- Quick tips
Email's Best of 2021
Validations and list segmentation go together like peas and carrots. Indeed, you may already be using our validation service to validate new recipients on your web forms, or even validating bigger lists with our self-service bulk validations tool to weed out any potentially toxic recipients. If you find yourself in the latter group, this article is for you.
First, I have to paint a picture for you – let’s say you have been working with the same old list for years. That list grows over time, but your deliverability woes are bound to be growing as well. Maybe you haven’t been using best practices for list segmentation or sunsetting, and you know you need to make a change before your deliverability gets worse.
This is a great time to use our bulk validations to get you back on the right path. Using our bulk validations tool - either via the Mailgun control panel or the API - you can take those email lists and have us validate each recipient address for you. This is a great first step, but what you do from there is what really matters going forward, and it’s going to take a bit of creativity.
Segmentation is a common best practice in the email industry. In theory, when you break a larger list down into smaller lists based on different qualifiers and adjust the email contents to appeal to those smaller audiences, your open and click rates are bound to rise. But what happens with you pair segmentation with validations? Super clean lists you and your ESP will thank you for in the long haul.
Before I continue onto the next steps, it’s important that we talk about the possible output from a validations payload. Let’s look at a single validations output:
{
"address": "foo@mailgun.net",
"is_disposable_address": false,
"is_role_address": false,
"reason": [
"unknown_provider"
],
"result": "deliverable",
"risk": "medium"
}
For the purposes of segmentation, we will focus on two main values; result and risk. Each value is defined below:
After running your validations job, or even as new recipients come in from online signups forms, you need to consider how to segment your recipients.
For the record, it is always a good idea to segment your recipients regardless, and for certain recipients that have passed validations, you can segment however you like (such as segmentation based on engagement, ISP, etc). When you’re looking at the results given back to you from our bulk validation tool, there are a few things to consider.
Good recipients, that is any address that returned back with a deliverable result and low risk, are good to go into any segment you choose. Recipients that failed with an undeliverable or do-no-sent result or have a high risk should be taken out of your list entirely – they aren’t worth it. Once you’ve separated the good from the bad, you’re left with some stragglers with unknown results or have a medium risk.
The answer may surprise you: Segment them!
An unknown result or a medium risk address is by no means a death sentence for a recipient address. Maybe we could not connect to their MX host in a timely manner, or maybe there is an unknown provider in the mix. Whatever the reason, there is still an inherent risk that the first send to these recipients will fail, but they also might not.
So, we need to handle them by segmenting these recipients into their own list and tagging these recipients to reflect that they are a riskier segment. In practice, you would create a list segment to identify that these recipients must be vetted before they can be confidently added to your main email stream.
You can start by creating a segment of your own list or use our mailing lists to create a “Vetting” list. Then, create a tag to identify the first outreach to a list that is being vetted (this can be something simple like mg_vetting). Once you send your first campaign to these “vetting” recipients, it is time to evaluate their performance.
To make this a little easier, use the Mailgun Events API and filter for the tag you created to identify this segment. For any messages that delivered without an issue, go ahead and move them over to your list of known good addresses and segment from there - hopefully they’re also engaged recipients so that you can move them to your engaged recipients segment as well.

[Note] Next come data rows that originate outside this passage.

(* Assume every vertex of $T$ has at least two successors and that $\nu$ is a doubling measure on $(\partial T,\rho)$. Let $\alpha>0$ and $\delta>0$, and let $K:T\times\partial T\to\mathbb C$ satisfy $$|K(x,\omega)|\le\frac{m_\nu(x)^\alpha}{m_\nu(\omega\wedge x)^{\alpha+1}}\min\Big\{\frac{1}{m_\nu(\omega\wedge x)},\,m_\nu(\omega\wedge x)\Big\}^{1+\delta}\qquad\forall x\in T,\ \omega\in\partial T.$$ Then $K$ satisfies (A3) with exponent $\alpha$, there is $C<\infty$ (depending on $\alpha,\delta$ and $\nu$ but not on $\omega$) with $\sum_{x\in T}|K(x,\omega)|m_\nu(x)\le C$ for all $\omega\in\partial T$ (so (A2) holds), and for every $x\in T$ the function $\omega\mapsto K(x,\omega)$ is $\nu$-integrable on $\partial T$. Moreover, there exist kernels $K$ satisfying this bound which also satisfy $\int_{\partial T}K(x,\omega)\,d\nu(\omega)=0$ for all $x\in T$; hence such kernels define operators in the class $\mathcal O$.
   Context: Let $T$ be a tree, identified with its vertex set, with graph distance $d$; $x\sim y$ means $d(x,y)=1$. Let $\Omega$ be the boundary (space of ends) of $T$; fix $\omega_*\in\Omega$ and set $\partial T=\Omega\setminus\{\omega_*\}$. For $x\in T$, $[x,\omega_* )$ is the geodesic ray from $x$ to $\omega_*$; for $\omega\in\partial T$, $(\omega,\omega_* )$ is the doubly infinite geodesic joining $\omega$ and $\omega_*$. For $y\in T$ write $x\le y$ if either $x\in T$ and $y\in[x,\omega_* )$, or $x\in\partial T$ and $y\in(x,\omega_* )$. Fix $o\in T$ and let $(x_j)_{j\ge0}$ enumerate $[o,\omega_* )$ with $x_0=o$, $x_j\sim x_{j+1}$; the level is $\ell(x)=\lim_{j\to\infty}(j-d(x,x_j))$. Successors: $s(x)=\{y\sim x:\ell(y)=\ell(x)-1\}$. The confluent $\eta\wedge\zeta$ of $\eta,\zeta\in T\cup\partial T$ is the vertex of minimal level among $x\in T$ with $\eta\le x$, $\zeta\le x$. $\partial T_x=\{\omega\in\partial T:\omega\le x\}$. Gromov distance: $\rho(\eta,\xi)=e^{\ell(\eta\wedge\xi)}$ for $\eta\ne\xi$, $\rho(\eta,\eta)=0$. $\nu$ is a positive Borel measure on $\partial T$ with $0<\nu(\partial T_x)<\infty$; doubling means $\nu(B_\rho(\omega,2r))\le C\nu(B_\rho(\omega,r))$ for all $\omega,r$. $m_\nu(x)=\nu(\partial T_x)$. The class $\mathcal O$ consists of integral operators $\mathcal Kg(x)=\int_{\partial T}K(x,\omega)g(\omega)\,d\nu(\omega)$ whose kernel $K:T\times\partial T\to\mathbb C$ satisfies: (A1) for every $x_0\in T$, $\omega\mapsto K(x_0,\omega)$ is $\nu$-integrable and $\int_{\partial T}K(x_0,\omega)\,d\nu(\omega)=0$; (A2) $C_K:=\operatorname{ess\,sup}_{\omega\in\partial T}\sum_{x\in T}|K(x,\omega)|m_\nu(x)<\infty$; (A3) there is $\alpha>0$ with $|K(x,\omega)|\le m_\nu(x)^\alpha/m_\nu(x\wedge\omega)^{\alpha+1}$ for all $x\in T$, $\omega\in\partial T$. *)

theory Defs
  imports "HOL-Analysis.Analysis"
begin

text \<open>A tree with a distinguished end \<open>\<omega>_*\<close> is encoded by its "parent" map:
  \<open>par x\<close> is the neighbour of \<open>x\<close> on the ray \<open>[x,\<omega>_*)\<close>. The vertex set is the whole type.
  Adjacency is \<open>x \<sim> y \<longleftrightarrow> par x = y \<or> par y = x\<close>.\<close>

definition tree_with_end :: "('v \<Rightarrow> 'v) \<Rightarrow> bool" where
  "tree_with_end par \<longleftrightarrow>
     (\<forall>x y. \<exists>m n. (par ^^ m) x = (par ^^ n) y) \<and>
     (\<forall>x n. (par ^^ n) x = x \<longrightarrow> n = 0)"

definition above :: "('v \<Rightarrow> 'v) \<Rightarrow> 'v \<Rightarrow> 'v set" where
  "above par x = {(par ^^ n) x | n. True}"

definition successors :: "('v \<Rightarrow> 'v) \<Rightarrow> 'v \<Rightarrow> 'v set" where
  "successors par x = {y. par y = x}"

text \<open>Level w.r.t. base point \<open>r0\<close> (the vertex \<open>o\<close> of the paper).\<close>
definition level :: "('v \<Rightarrow> 'v) \<Rightarrow> 'v \<Rightarrow> 'v \<Rightarrow> int" where
  "level par r0 x = (THE k. \<exists>m n. (par ^^ m) x = (par ^^ n) r0 \<and> k = int n - int m)"

text \<open>A boundary point \<open>\<omega> \<in> \<partial>T\<close> is represented by the doubly infinite geodesic
  \<open>(\<omega>,\<omega>_*)\<close>, listed by level: \<open>\<omega> k\<close> is its vertex at level \<open>k\<close>.\<close>
definition bdry :: "('v \<Rightarrow> 'v) \<Rightarrow> 'v \<Rightarrow> (int \<Rightarrow> 'v) set" where
  "bdry par r0 = {\<omega>. \<forall>k. level par r0 (\<omega> k) = k \<and> par (\<omega> k) = \<omega> (k + 1)}"

definition conf :: "('v \<Rightarrow> 'v) \<Rightarrow> 'v \<Rightarrow> 'v set \<Rightarrow> 'v set \<Rightarrow> 'v" where
  "conf par r0 U V = (THE y. y \<in> U \<inter> V \<and> (\<forall>z \<in> U \<inter> V. level par r0 y \<le> level par r0 z))"

definition conf_vb :: "('v \<Rightarrow> 'v) \<Rightarrow> 'v \<Rightarrow> 'v \<Rightarrow> (int \<Rightarrow> 'v) \<Rightarrow> 'v" where
  "conf_vb par r0 x \<omega> = conf par r0 (above par x) (range \<omega>)"
lemma dense_graph:
  assumes hits: "hits_closed_over_intervals F"
  shows "closure (graph_of F) = UNIV"
proof -
  have "\<exists>y\<in>graph_of F. dist y z < e" if "e > 0" for z :: "real \<times> real" and e
  proof -
    have "{fst z - e/2 .. fst z + e/2} \<subseteq> fst ` cball z (e/2)"
    proof
      fix t assume t: "t \<in> {fst z - e/2 .. fst z + e/2}"
      have "dist z (t, snd z) = \<bar>fst z - t\<bar>"
        by (cases z) (simp add: dist_Pair_Pair dist_real_def)
      also have "\<dots> \<le> e/2" using t by (simp only: atLeastAtMost_iff abs_le_iff) linarith
      finally have "(t, snd z) \<in> cball z (e/2)" by simp
      then show "t \<in> fst ` cball z (e/2)" by force
    qed
    moreover have "fst z - e/2 < fst z + e/2" using \<open>e > 0\<close> by simp
    ultimately have "cball z (e/2) \<inter> graph_of F \<noteq> {}"
      using hits unfolding hits_closed_over_intervals_def by blast
    then obtain y where "y \<in> graph_of F" "dist z y \<le> e/2" by auto
    then show ?thesis using \<open>e > 0\<close> by (intro bexI[of _ y]) (auto simp: dist_commute)
  qed
  then have "z \<in> closure (graph_of F)" for z
    unfolding closure_approachable by blast
  then show ?thesis by blast
qed
(* Consider the following one-step ($n=1$) scenario with two players. There is a single initial state ("cake"); the observation $O_1\in\{\text{red},\text{green}\}$, where player 1 believes $\mathbb P^1(\text{red})=0.9$, $\mathbb P^1(\text{green})=0.1$ and player 2 believes $\mathbb P^2(\text{red})=0.1$, $\mathbb P^2(\text{green})=0.9$. The action $A_1\in\{(\text{all},\text{none}),(\text{half},\text{half}),(\text{none},\text{all})\}$ determines the outcome, with utilities $U^1=30,20,0$ and $U^2=0,20,30$ respectively for these three actions (regardless of the observation). A policy $\pi$ assigns to each $o_1\in\{\text{red},\text{green}\}$ a distribution $\pi(\cdot\mid o_1)$ on the three actions; $\mathbb E^j[U^j;\pi]=\sum_{o_1}\mathbb P^j(o_1)\sum_{a}\pi(a\mid o_1)U^j(a)$, and for a distribution $\alpha$ on actions $\mathbb E^j[U^j\mid o_1;a_1\sim\alpha]=\sum_a\alpha(a)U^j(a)$. Let $\hat\pi$ be the policy with $\hat\pi(\cdot\mid\text{red})=100\%\,(\text{all},\text{none})$ and $\hat\pi(\cdot\mid\text{green})=100\%\,(\text{none},\text{all})$. Then $\hat\pi$ is not equal to any policy $\pi$ satisfying, for some fixed $r\in[0,1]$ and all $o_1$, \[ \pi(\cdot\mid o_1)\in\arg\max_{\alpha}\Big(r\,\mathbb E^1[U^1\mid o_1;a_1\sim\alpha]+(1-r)\,\mathbb E^2[U^2\mid o_1;a_1\sim\alpha]\Big), \] where the maximum ranges over distributions $\alpha$ on the three actions. Moreover, every such policy $\pi$ satisfies $\mathbb E^1[U^1;\pi]<\mathbb E^1[U^1;\hat\pi]$ or $\mathbb E^2[U^2;\pi]<\mathbb E^2[U^2;\hat\pi]$.
   Context: Here $\mathbb P^j$ and $U^j$ denote player $j$'s beliefs and utility function; the machine's policy maps its observation to a (possibly randomized) action. (In this scenario $\mathbb E^1[U^1;\hat\pi]=\mathbb E^2[U^2;\hat\pi]=27$.) *)

theory Defs
  imports "HOL-Probability.Probability"
begin

datatype obs = Red | Green
datatype act = AllNone | HalfHalf | NoneAll
datatype player = P1 | P2

definition actions :: "act set" where "actions = {AllNone, HalfHalf, NoneAll}"
definition observations :: "obs set" where "observations = {Red, Green}"

fun belief :: "player \<Rightarrow> obs \<Rightarrow> real" where
  "belief P1 Red = 9/10" | "belief P1 Green = 1/10"
| "belief P2 Red = 1/10" | "belief P2 Green = 9/10"

fun U :: "player \<Rightarrow> act \<Rightarrow> real" where
  "U P1 AllNone = 30" | "U P1 HalfHalf = 20" | "U P1 NoneAll = 0"
| "U P2 AllNone = 0" | "U P2 HalfHalf = 20" | "U P2 NoneAll = 30"

type_synonym policy = "obs \<Rightarrow> act pmf"

definition cond_EU :: "player \<Rightarrow> obs \<Rightarrow> act pmf \<Rightarrow> real" where
  "cond_EU j o1 \<alpha> = (\<Sum>a\<in>actions. pmf \<alpha> a * U j a)"

definition EU :: "player \<Rightarrow> policy \<Rightarrow> real" where
  "EU j \<pi> = (\<Sum>o1\<in>observations. belief j o1 * (\<Sum>a\<in>actions. pmf (\<pi> o1) a * U j a))"

definition pi_hat :: policy where
  "pi_hat o1 = (case o1 of Red \<Rightarrow> return_pmf AllNone | Green \<Rightarrow> return_pmf NoneAll)"

definition weighted_greedy :: "real \<Rightarrow> policy \<Rightarrow> bool" where
  "weighted_greedy r \<pi> \<longleftrightarrow> (\<forall>o1. \<pi> o1 \<in>
     {\<alpha>. \<forall>\<beta>. r * cond_EU P1 o1 \<beta> + (1 - r) * cond_EU P2 o1 \<beta>
              \<le> r * cond_EU P1 o1 \<alpha> + (1 - r) * cond_EU P2 o1 \<alpha>})"

end

theory Submission
  imports Defs
begin

text \<open>For every real weight \<open>r\<close> the weighted payoffs of the three actions are \<open>30 r\<close>, \<open>20\<close>
  and \<open>30 (1 - r)\<close>, so the compromise action strictly beats one of the two extreme actions.
  A maximiser of an expected payoff puts no mass on strictly dominated actions, hence a weighted
  greedy policy never plays that extreme action, and the player who favours it gets at most 20,
  whereas \<open>pi_hat\<close> gives both players 27.\<close>

lemma pmf_eq_0_if_maximizes_expectation:
  fixes w :: "'a \<Rightarrow> real"
  assumes "finite A" "set_pmf \<alpha> \<subseteq> A"
    and max: "\<forall>b\<in>A. w b \<le> (\<Sum>x\<in>A. pmf \<alpha> x * w x)"
    and "b \<in> A" "w a < w b"
  shows "pmf \<alpha> a = 0"
proof (rule ccontr)
  assume "pmf \<alpha> a \<noteq> 0"
  then have "a \<in> A" using assms(2) by (auto simp: set_pmf_eq)
  define M where "M = Max (w ` A)"
  have le_M: "w x \<le> M" if "x \<in> A" for x
    using assms(1) that by (simp add: M_def)
  have "M \<in> w ` A"
    unfolding M_def using assms(1,4) by (intro Max_in) auto
  then have "M \<le> (\<Sum>x\<in>A. pmf \<alpha> x * w x)" using max by auto
  moreover have "(\<Sum>x\<in>A. pmf \<alpha> x) = 1"
    using assms(1,2) by (simp add: sum_pmf_eq_1)
  ultimately have "(\<Sum>x\<in>A. pmf \<alpha> x * (M - w x)) \<le> 0"
    by (simp add: right_diff_distrib sum_subtractf flip: sum_distrib_right)
  moreover have "pmf \<alpha> a * (M - w a) \<le> (\<Sum>x\<in>A. pmf \<alpha> x * (M - w x))"
    using \<open>a \<in> A\<close> assms(1) le_M by (intro member_le_sum) auto
  moreover have "0 < pmf \<alpha> a * (M - w a)"
    using \<open>pmf \<alpha> a \<noteq> 0\<close> le_M[OF assms(4)] assms(5) by (simp add: order_le_neq_trans)
  ultimately show False by linarith
qed

lemma actions_eq_UNIV: "actions = UNIV"
  unfolding actions_def using act.exhaust by auto

definition welfare :: "real \<Rightarrow> act \<Rightarrow> real" where
  "welfare r a = r * U P1 a + (1 - r) * U P2 a"

lemma weighted_cond_EU_eq:
  "r * cond_EU P1 o1 \<alpha> + (1 - r) * cond_EU P2 o1 \<alpha> = (\<Sum>a\<in>actions. pmf \<alpha> a * welfare r a)"
  by (simp add: cond_EU_def welfare_def actions_def algebra_simps)

lemma cond_EU_return_pmf: "cond_EU j o1 (return_pmf b) = U j b"
  unfolding cond_EU_def actions_def by (cases b) (simp_all add: indicator_def)

lemma weighted_greedy_avoids_dominated:
  assumes "weighted_greedy r \<pi>" "welfare r a < welfare r b"
  shows "pmf (\<pi> o1) a = 0"
proof (rule pmf_eq_0_if_maximizes_expectation[where A = actions and w = "welfare r"])
  have "r * cond_EU P1 o1 (return_pmf c) + (1 - r) * cond_EU P2 o1 (return_pmf c)
      \<le> r * cond_EU P1 o1 (\<pi> o1) + (1 - r) * cond_EU P2 o1 (\<pi> o1)" for c
    using assms(1) unfolding weighted_greedy_def by blast
  then show "\<forall>c\<in>actions. welfare r c \<le> (\<Sum>x\<in>actions. pmf (\<pi> o1) x * welfare r x)"
    by (simp add: cond_EU_return_pmf weighted_cond_EU_eq welfare_def)
  show "finite actions" by (simp add: actions_def)
  show "set_pmf (\<pi> o1) \<subseteq> actions" "b \<in> actions" by (simp_all add: actions_eq_UNIV)
qed (fact assms(2))

lemma compromise_dominates_an_extreme:
  "welfare r AllNone < welfare r HalfHalf \<or> welfare r NoneAll < welfare r HalfHalf"
  unfolding welfare_def by simp arith

lemma cond_EU_le_20:
  "pmf \<alpha> AllNone = 0 \<Longrightarrow> cond_EU P1 o1 \<alpha> \<le> 20"
  "pmf \<alpha> NoneAll = 0 \<Longrightarrow> cond_EU P2 o1 \<alpha> \<le> 20"
  using pmf_le_1[of \<alpha> HalfHalf] by (simp_all add: cond_EU_def actions_def)

lemma belief_nonneg: "0 \<le> belief j o1"
  by (cases j; cases o1) simp_all

lemma EU_le_if_cond_EU_le:
  assumes "\<And>o1. cond_EU j o1 (\<pi> o1) \<le> c"
  shows "EU j \<pi> \<le> c"
proof -
  have "EU j \<pi> = belief j Red * cond_EU j Red (\<pi> Red) + belief j Green * cond_EU j Green (\<pi> Green)"
    by (simp add: EU_def cond_EU_def observations_def)
  also have "\<dots> \<le> belief j Red * c + belief j Green * c"
    using assms belief_nonneg by (intro add_mono mult_left_mono)
  also have "\<dots> = c"
    by (cases j) simp_all
  finally show ?thesis .
qed

lemma EU_pi_hat: "EU j pi_hat = 27"
  by (cases j) (simp_all add: EU_def pi_hat_def actions_def observations_def)

theorem proposition2:
  shows "(\<forall>\<pi> r. 0 \<le> r \<and> r \<le> 1 \<and> weighted_greedy r \<pi> \<longrightarrow> \<pi> \<noteq> pi_hat)
       \<and> (\<forall>\<pi> r. 0 \<le> r \<and> r \<le> 1 \<and> weighted_greedy r \<pi> \<longrightarrow>
            EU P1 \<pi> < EU P1 pi_hat \<or> EU P2 \<pi> < EU P2 pi_hat)"
proof -
  have worse: "EU P1 \<pi> < EU P1 pi_hat \<or> EU P2 \<pi> < EU P2 pi_hat"
    if "weighted_greedy r \<pi>" for \<pi> r
  proof -
    have "EU P1 \<pi> \<le> 20 \<or> EU P2 \<pi> \<le> 20"
    proof (cases "welfare r AllNone < welfare r HalfHalf")
      case True
      then have "pmf (\<pi> o1) AllNone = 0" for o1
        by (rule weighted_greedy_avoids_dominated[OF that])
      then show ?thesis by (simp add: EU_le_if_cond_EU_le cond_EU_le_20)
    next
      case False
      then have "pmf (\<pi> o1) NoneAll = 0" for o1
        using compromise_dominates_an_extreme weighted_greedy_avoids_dominated[OF that] by blast
      then show ?thesis by (simp add: EU_le_if_cond_EU_le cond_EU_le_20)
    qed
    then show ?thesis using EU_pi_hat[of P1] EU_pi_hat[of P2] by linarith
  qed
  moreover have "\<pi> \<noteq> pi_hat" if "weighted_greedy r \<pi>" for \<pi> r
    using worse[OF that] by auto
  ultimately show ?thesis by blast
qed

end
lemma bform_add_left [simp]: "bform (x + y) z = bform x z + bform y z"
  by (simp add: bform_def inner_add_left)
lemma bform_add_right [simp]: "bform z (x + y) = bform z x + bform z y"
  by (simp add: bform_def inner_add_right)
lemma bform_diff_left [simp]: "bform (x - y) z = bform x z - bform y z"
  by (simp add: bform_def inner_diff_left)
lemma bform_diff_right [simp]: "bform z (x - y) = bform z x - bform z y"
  by (simp add: bform_def inner_diff_right)
lemma bform_minus_left [simp]: "bform (- x) z = - bform x z"
  by (simp add: bform_def)
lemma bform_minus_right [simp]: "bform z (- x) = - bform z x"
  by (simp add: bform_def)
lemma bform_scaleR_left [simp]: "bform (c *\<^sub>R x) z = c * bform x z"
  by (simp add: bform_def algebra_simps)
lemma bform_scaleR_right [simp]: "bform z (c *\<^sub>R x) = c * bform z x"
  by (simp add: bform_def algebra_simps)
lemma bform_zero_right [simp]: "bform z 0 = 0"
  by (simp add: bform_def)
lemma bform_commute: "bform x y = bform y x"
  by (simp add: bform_def inner_commute)

lemma bform_eq_inner: "bform v w = (fst v, - snd v) \<bullet> w"
  by (simp add: bform_def inner_prod_def)

lemma linear_bform: "linear (bform v)"
  by (rule linearI) simp_all

definition bform_indefinite_on :: "('a::euclidean_space \<times> 'b::euclidean_space) set \<Rightarrow> bool" where
  "bform_indefinite_on W \<longleftrightarrow> (\<exists>n\<in>W. bform n n < 0) \<and> (\<exists>p\<in>W. bform p p > 0)"

lemma bform_indefinite_onD:
  assumes "bform_indefinite_on W" "s \<noteq> 0"
  obtains m where "m \<in> W" "s * bform m m > 0"
  using assms unfolding bform_indefinite_on_def
  by (metis linorder_neqE_linordered_idom mult_neg_neg mult_pos_pos)

definition quadric_region ::
    "('a::euclidean_space \<times> 'b::euclidean_space) set \<Rightarrow> real \<Rightarrow> ('a \<times> 'b \<Rightarrow> real) \<Rightarrow> real \<Rightarrow> ('a \<times> 'b) set"
  where "quadric_region W c l k = {x \<in> W. c + l x - k * bform x x > 0}"

lemma quadric_region_zero: "quadric_region W c l 0 = affine_region W c l"
  by (simp add: quadric_region_def affine_region_def)

lemma quadric_along_ray:
  fixes l :: "'a::euclidean_space \<times> 'b::euclidean_space \<Rightarrow> real"
  assumes "linear l"
  shows "c + l (t *\<^sub>R d) - k * bform (t *\<^sub>R d) (t *\<^sub>R d) = (- k * bform d d) * t^2 + l d * t + c"
  using assms by (simp add: linear_scale power2_eq_square algebra_simps)

lemma exists_direction_pos_and_sign:
  fixes l :: "'a::euclidean_space \<times> 'b::euclidean_space \<Rightarrow> real"
  assumes W: "subspace W" and "linear l"
    and e: "e \<in> W" "l e > 0" and m: "m \<in> W" "s * bform m m > 0"
  shows "\<exists>d\<in>W. l d > 0 \<and> s * bform d d > 0"
proof -
  define m' where "m' = (if l m \<ge> 0 then m else - m)"
  have m': "m' \<in> W" "l m' \<ge> 0" "bform m' m' = bform m m"
    using W m linear_neg[OF \<open>linear l\<close>, of m] by (auto simp: m'_def subspace_neg)
  have "eventually (\<lambda>t. (s * bform m m) * t^2 + (2 * s * bform m' e) * t + s * bform e e > 0 \<and> t \<ge> 0) at_top"
    using eventually_quadratic_pos[OF m(2)] eventually_ge_at_top by (rule eventually_conj)
  then obtain t where t: "(s * bform m m) * t^2 + (2 * s * bform m' e) * t + s * bform e e > 0" "t \<ge> 0"
    using eventually_happens'[OF trivial_limit_at_top_linorder] by blast
  define d where "d = t *\<^sub>R m' + e"
  have "d \<in> W"
    using W m' e by (simp add: d_def subspace_add subspace_scale)
  moreover have "s * bform d d > 0"
    using t m'(3) bform_commute[of e m'] by (simp add: d_def power2_eq_square algebra_simps)
  moreover have "l d > 0"
    using t(2) m'(2) e \<open>linear l\<close> by (simp add: d_def linear_add linear_scale add_nonneg_pos)
  ultimately show ?thesis
    by blast
qed

lemma disjoint_quadric_regions_along_ray:
  assumes W: "subspace W" and lin: "linear la" "linear lb" and "d \<in> W"
    and dj: "quadric_region W ca la ka \<inter> quadric_region W cb lb kb = {}"
    and a: "- ka * bform d d > 0 \<or> ka = 0 \<and> la d > 0"
    and b: "- kb * bform d d > 0 \<or> kb = 0 \<and> lb d > 0"
  shows False
proof -
  have ev: "eventually (\<lambda>t. c + l (t *\<^sub>R d) - k * bform (t *\<^sub>R d) (t *\<^sub>R d) > 0) at_top"
    if "linear l" "- k * bform d d > 0 \<or> k = 0 \<and> l d > 0" for c l k
    using that eventually_quadratic_pos[of "- k * bform d d" "l d" c]
      eventually_linear_pos[of "l d" c]
    unfolding quadric_along_ray[OF that(1)] by auto
  show False
    using disjoint_regions_along_ray[OF W \<open>d \<in> W\<close>, where f = "\<lambda>x. ca + la x - ka * bform x x"
        and g = "\<lambda>x. cb + lb x - kb * bform x x"] ev[OF lin(1) a] ev[OF lin(2) b] dj
    by (auto simp: quadric_region_def)
qed

lemma disjoint_quadric_regions_zero_coeff:
  assumes W: "subspace W" "bform_indefinite_on W" and lin: "linear la" "linear lb"
    and ne: "quadric_region W ca la 0 \<noteq> {}" "quadric_region W cb lb kb \<noteq> {}"
    and dj: "quadric_region W ca la 0 \<inter> quadric_region W cb lb kb = {}"
  shows "kb = 0"
proof (rule ccontr)
  assume "kb \<noteq> 0"
  have "quadric_region W cb lb kb \<subseteq> W"
    by (auto simp: quadric_region_def)
  then obtain e where "e \<in> W" "la e > 0"
    using affine_region_linear_part_pos[OF W(1) lin(1)] ne dj by (metis quadric_region_zero)
  moreover obtain m where "m \<in> W" "- kb * bform m m > 0"
    using bform_indefinite_onD[OF W(2)] \<open>kb \<noteq> 0\<close> by (metis neg_equal_0_iff_equal)
  ultimately obtain d where "d \<in> W" "la d > 0" "- kb * bform d d > 0"
    using exists_direction_pos_and_sign[OF W(1) lin(1)] by blast
  then show False
    using disjoint_quadric_regions_along_ray[OF W(1) lin \<open>d \<in> W\<close> dj] by simp
qed

lemma disjoint_quadric_regions_coeffs:
  assumes W: "subspace W" "bform_indefinite_on W" and lin: "linear la" "linear lb"
    and ne: "quadric_region W ca la ka \<noteq> {}" "quadric_region W cb lb kb \<noteq> {}"
    and dj: "quadric_region W ca la ka \<inter> quadric_region W cb lb kb = {}"
  shows "ka * kb < 0 \<or> ka = 0 \<and> kb = 0"
proof -
  have dj': "quadric_region W cb lb kb \<inter> quadric_region W ca la ka = {}"
    using dj by blast
  have "kb = 0" if "ka = 0"
    using disjoint_quadric_regions_zero_coeff[OF W lin] ne dj unfolding that by blast
  moreover have "ka = 0" if "kb = 0"
    using disjoint_quadric_regions_zero_coeff[OF W lin(2,1)] ne dj' unfolding that by blast
  moreover have "\<not> ka * kb > 0"
  proof
    assume "ka * kb > 0"
    then have "- ka \<noteq> 0"
      by auto
    then obtain m where "m \<in> W" "- ka * bform m m > 0"
      by (rule bform_indefinite_onD[OF W(2)])
    moreover have "- kb * bform m m > 0"
      using calculation(2) \<open>ka * kb > 0\<close> by (auto simp: zero_less_mult_iff mult_less_0_iff)
    ultimately show False
      using disjoint_quadric_regions_along_ray[OF W(1) lin \<open>m \<in> W\<close> dj] by blast
  qed
  ultimately show ?thesis
    by (metis linorder_neqE_linordered_idom mult_eq_0_iff)
qed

If recipients on the “vetting” segment failed to deliver at all, consider removing the recipient from your list completely. It is more likely that these recipients will just become toxic to your list in the long run, so getting rid of them is a far better alternative than keeping a recipient that will never engage.
In essence, you are just vetting your recipient addresses to give yourself a better chance at better deliverability. At the end of the day, it is the responsibility of a sender to send out messages that are expected and wanted by the recipient. Anything beyond that risks damage to your reputation as a sender and segmenting reduces your chance at causing harm when done correctly.
Validations provide senders with that extra kick to help get those lists where they need to be, and segmentation solves for the unknown variables – literally.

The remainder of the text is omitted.